Advancing gene therapy, debunking AR propaganda.

The promise of curing genetic diseases by replacing damaged genes with healthy ones is slowly becoming a reality. One recent story is the development of therapy in humans to reverse a form of childhood blindness called Leber congenital amaurosis, or LCA.

OregonLive reports on the story of Alexe Webb who, soon after birth, was diagnosed with LCA the most common cause of inherited blindness in children. Her doctor, Dr. Richard Weleber, said “With this trial, she has the opportunity to have much better vision. We hope the treatment is very durable, that it will last for many decades, even for life.”

As detailed at the National Eye Institute web site:

The groundbreaking clinical trials to restore vision in patients with LCA rest on 15 years of basic research with animals. Long before the gene transfer procedure could be tested in people, four critical milestones had to be met: the discovery of the RPE65 gene; creation of a mouse model that illustrates the gene’s functions and what happens when it’s missing; development of a safe way to carry healthy replacement genes to the target within the eye; and studies of the procedure in a large animal model — dogs.”


The report continues:

Dogs carrying a nearly identical mutation to Alexe’s were the first test subjects.

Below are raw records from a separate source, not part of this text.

lemma nn_integral_Ioc_survival:
  assumes "a \<le> b"
  shows "(\<integral>\<^sup>+x. ennreal (1 - F x) * indicator {a<..b} x \<partial>lborel)
    = (\<integral>\<^sup>+s. ennreal (F b - F s) * indicator {a<..b} s \<partial>lborel) + ennreal ((1 - F b) * (b - a))"
proof -
  have "(\<integral>\<^sup>+x. ennreal (1 - F x) * indicator {a<..b} x \<partial>lborel)
     = (\<integral>\<^sup>+x. ennreal (F b - F x) * indicator {a<..b} x + ennreal (1 - F b) * indicator {a<..b} x \<partial>lborel)"
  proof (intro nn_integral_cong)
    fix x :: real
    have "x \<in> {a<..b} \<Longrightarrow> ennreal (1 - F x) = ennreal (F b - F x) + ennreal (1 - F b)"
      using cdf_mono[of x b] cdf_le_1[of b] by (subst ennreal_plus[symmetric]) auto
    then show "ennreal (1 - F x) * indicator {a<..b} x
        = ennreal (F b - F x) * indicator {a<..b} x + ennreal (1 - F b) * indicator {a<..b} x"
      by (cases "x \<in> {a<..b}") auto
  qed
  also have "\<dots> = (\<integral>\<^sup>+s. ennreal (F b - F s) * indicator {a<..b} s \<partial>lborel)
      + ennreal (1 - F b) * emeasure lborel {a<..b}"
    by (subst nn_integral_add) (auto simp: nn_integral_cmult_indicator)
  also have "ennreal (1 - F b) * emeasure lborel {a<..b} = ennreal ((1 - F b) * (b - a))"
    using assms cdf_le_1[of b] by (simp add: ennreal_mult)
  finally show ?thesis .
qed

lemma nn_integral_Ioc_cdf_gap_finite:
  "(\<integral>\<^sup>+s. ennreal (F b - F s) * indicator {a<..b} s \<partial>lborel) \<noteq> \<infinity>"
proof -
  have "ennreal (F b - F s) * indicator {a<..b} s \<le> indicator {a<..b} s" for s
    using cdf_le_1[of b] cdf_nonneg[of s] by (auto simp: indicator_def)
  then have "(\<integral>\<^sup>+s. ennreal (F b - F s) * indicator {a<..b} s \<partial>lborel) \<le> (\<integral>\<^sup>+s. indicator {a<..b} s \<partial>lborel)"
    by (rule nn_integral_mono)
  also have "\<dots> < \<infinity>"
    by (cases "a \<le> b") auto
  finally show ?thesis
    by (simp add: less_top)
qed

lemma cdf_increment_le_if_virtual_value_le:
  assumes "k \<le> a" "a \<le> b"
    and le: "\<And>x. a < x \<Longrightarrow> x \<le> b \<Longrightarrow> (x - k) * g x \<le> 1 - F x"
  shows "(a - k) * (F b - F a) \<le> (1 - F b) * (b - a)"
proof -
  let ?C = "\<integral>\<^sup>+s. ennreal (F b - F s) * indicator {a<..b} s \<partial>lborel"
  have "(\<integral>\<^sup>+x. ennreal ((x - k) * borel_density x) * indicator {a<..b} x \<partial>lborel)
      \<le> (\<integral>\<^sup>+x. ennreal (1 - F x) * indicator {a<..b} x \<partial>lborel)"
    using AE_density_eq_borel_density
  proof (intro nn_integral_mono_AE, eventually_elim)
    case (elim x)
    then show ?case
      using le[of x] by (auto simp: indicator_def intro!: ennreal_leI)
  qed
  then have "?C + ennreal ((a - k) * (F b - F a)) \<le> ?C + ennreal ((1 - F b) * (b - a))"
    using assms by (simp add: nn_integral_Ioc_linear_times_density nn_integral_Ioc_survival)
  then show ?thesis
    using nn_integral_Ioc_cdf_gap_finite assms cdf_le_1[of b]
    by (simp add: ennreal_add_left_cancel_le)
qed

lemma nn_integral_Ioc_virtual_surplus_le:
  assumes "k \<le> a" "a \<le> b"
    and ge: "\<And>x. a < x \<Longrightarrow> x \<le> b \<Longrightarrow> 1 - F x \<le> (x - k) * g x"
  shows "(\<integral>\<^sup>+x. ennreal (virtual_surplus k x) * indicator {a<..b} x \<partial>lborel) \<le> (a - k) * (1 - F a)"
proof -
  let ?X = "\<integral>\<^sup>+x. ennreal (virtual_surplus k x) * indicator {a<..b} x \<partial>lborel"
  let ?C = "\<integral>\<^sup>+s. ennreal (F b - F s) * indicator {a<..b} s \<partial>lborel"
  have "?X + (\<integral>\<^sup>+x. ennreal (1 - F x) * indicator {a<..b} x \<partial>lborel)
      = (\<integral>\<^sup>+x. ennreal (virtual_surplus k x) * indicator {a<..b} x + ennreal (1 - F x) * indicator {a<..b} x \<partial>lborel)"
    by (subst nn_integral_add) (auto simp: virtual_surplus_def)
  also have "\<dots> = (\<integral>\<^sup>+x. ennreal ((x - k) * borel_density x) * indicator {a<..b} x \<partial>lborel)"
    using AE_density_eq_borel_density
  proof (intro nn_integral_cong_AE, eventually_elim)
    case (elim x)
    have "x \<in> {a<..b} \<Longrightarrow> ennreal ((x - k) * borel_density x) = ennreal (virtual_surplus k x) + ennreal (1 - F x)"
      using ge[of x] elim cdf_le_1[of x] by (subst ennreal_plus[symmetric]) (auto simp: virtual_surplus_def)
    then show ?case
      by (cases "x \<in> {a<..b}") auto
  qed
  finally have sum_eq: "?X + (?C + ennreal ((1 - F b) * (b - a))) = ?C + ennreal ((a - k) * (F b - F a))"
    using assms by (simp add: nn_integral_Ioc_linear_times_density nn_integral_Ioc_survival)
  have "?C + ?X \<le> ?C + ?X + ennreal ((1 - F b) * (b - a))"
    by simp
  also have "\<dots> = ?C + ennreal ((a - k) * (F b - F a))"
    using sum_eq by (simp add: ac_simps)
  finally have "?X \<le> ennreal ((a - k) * (F b - F a))"
    using nn_integral_Ioc_cdf_gap_finite by (simp add: ennreal_add_left_cancel_le)
  also have "\<dots> \<le> ennreal ((a - k) * (1 - F a))"
    using assms cdf_le_1[of b] by (intro ennreal_leI mult_left_mono) auto
  finally show ?thesis .
qed

lemma nn_integral_Ioi_virtual_surplus_le:
  assumes "k \<le> a"
    and ge: "\<And>x. a < x \<Longrightarrow> 1 - F x \<le> (x - k) * g x"
  shows "(\<integral>\<^sup>+x. ennreal (virtual_surplus k x) * indicator {a<..} x \<partial>lborel) \<le> (a - k) * (1 - F a)"
proof -
  define u where "u m x = ennreal (virtual_surplus k x) * indicator {a<..a + real m} x" for m x
  have "incseq u"
    by (auto simp: u_def incseq_def le_fun_def indicator_def)
  have pointwise_SUP: "ennreal (virtual_surplus k x) * indicator {a<..} x = (SUP m. u m x)" for x
  proof (rule antisym)
    obtain m :: nat where "x - a \<le> real m"
      using real_arch_simple by blast
    then show "ennreal (virtual_surplus k x) * indicator {a<..} x \<le> (SUP m. u m x)"
      by (intro SUP_upper2[of m]) (auto simp: u_def indicator_def)
  qed (auto simp: u_def indicator_def intro!: SUP_least)
  have "(\<integral>\<^sup>+x. ennreal (virtual_surplus k x) * indicator {a<..} x \<partial>lborel) = (\<integral>\<^sup>+x. (SUP m. u m x) \<partial>lborel)"
    by (simp add: pointwise_SUP)
  also have "\<dots> = (SUP m. integral\<^sup>N lborel (u m))"
    by (rule nn_integral_monotone_convergence_SUP[OF \<open>incseq u\<close>])
      (simp add: u_def[abs_def] virtual_surplus_def)
  also have "\<dots> \<le> (a - k) * (1 - F a)"
    unfolding u_def using assms by (intro SUP_least nn_integral_Ioc_virtual_surplus_le) auto
  finally show ?thesis .
qed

Within two weeks of treatment, three nearly blind dogs were able to navigate with little problem, Dr. Jean Bennett, a professor of ophthalmology at the University of Pennsylvania Medical School in Philadelphia told the Journal of the American Medical Association in October. The effects of a single injection persisted for more than 10 years in the first dog treated. Researchers learned that retinal cells may be ideal targets for gene therapy because they don’t divide much, allowing replaced genes to persist.”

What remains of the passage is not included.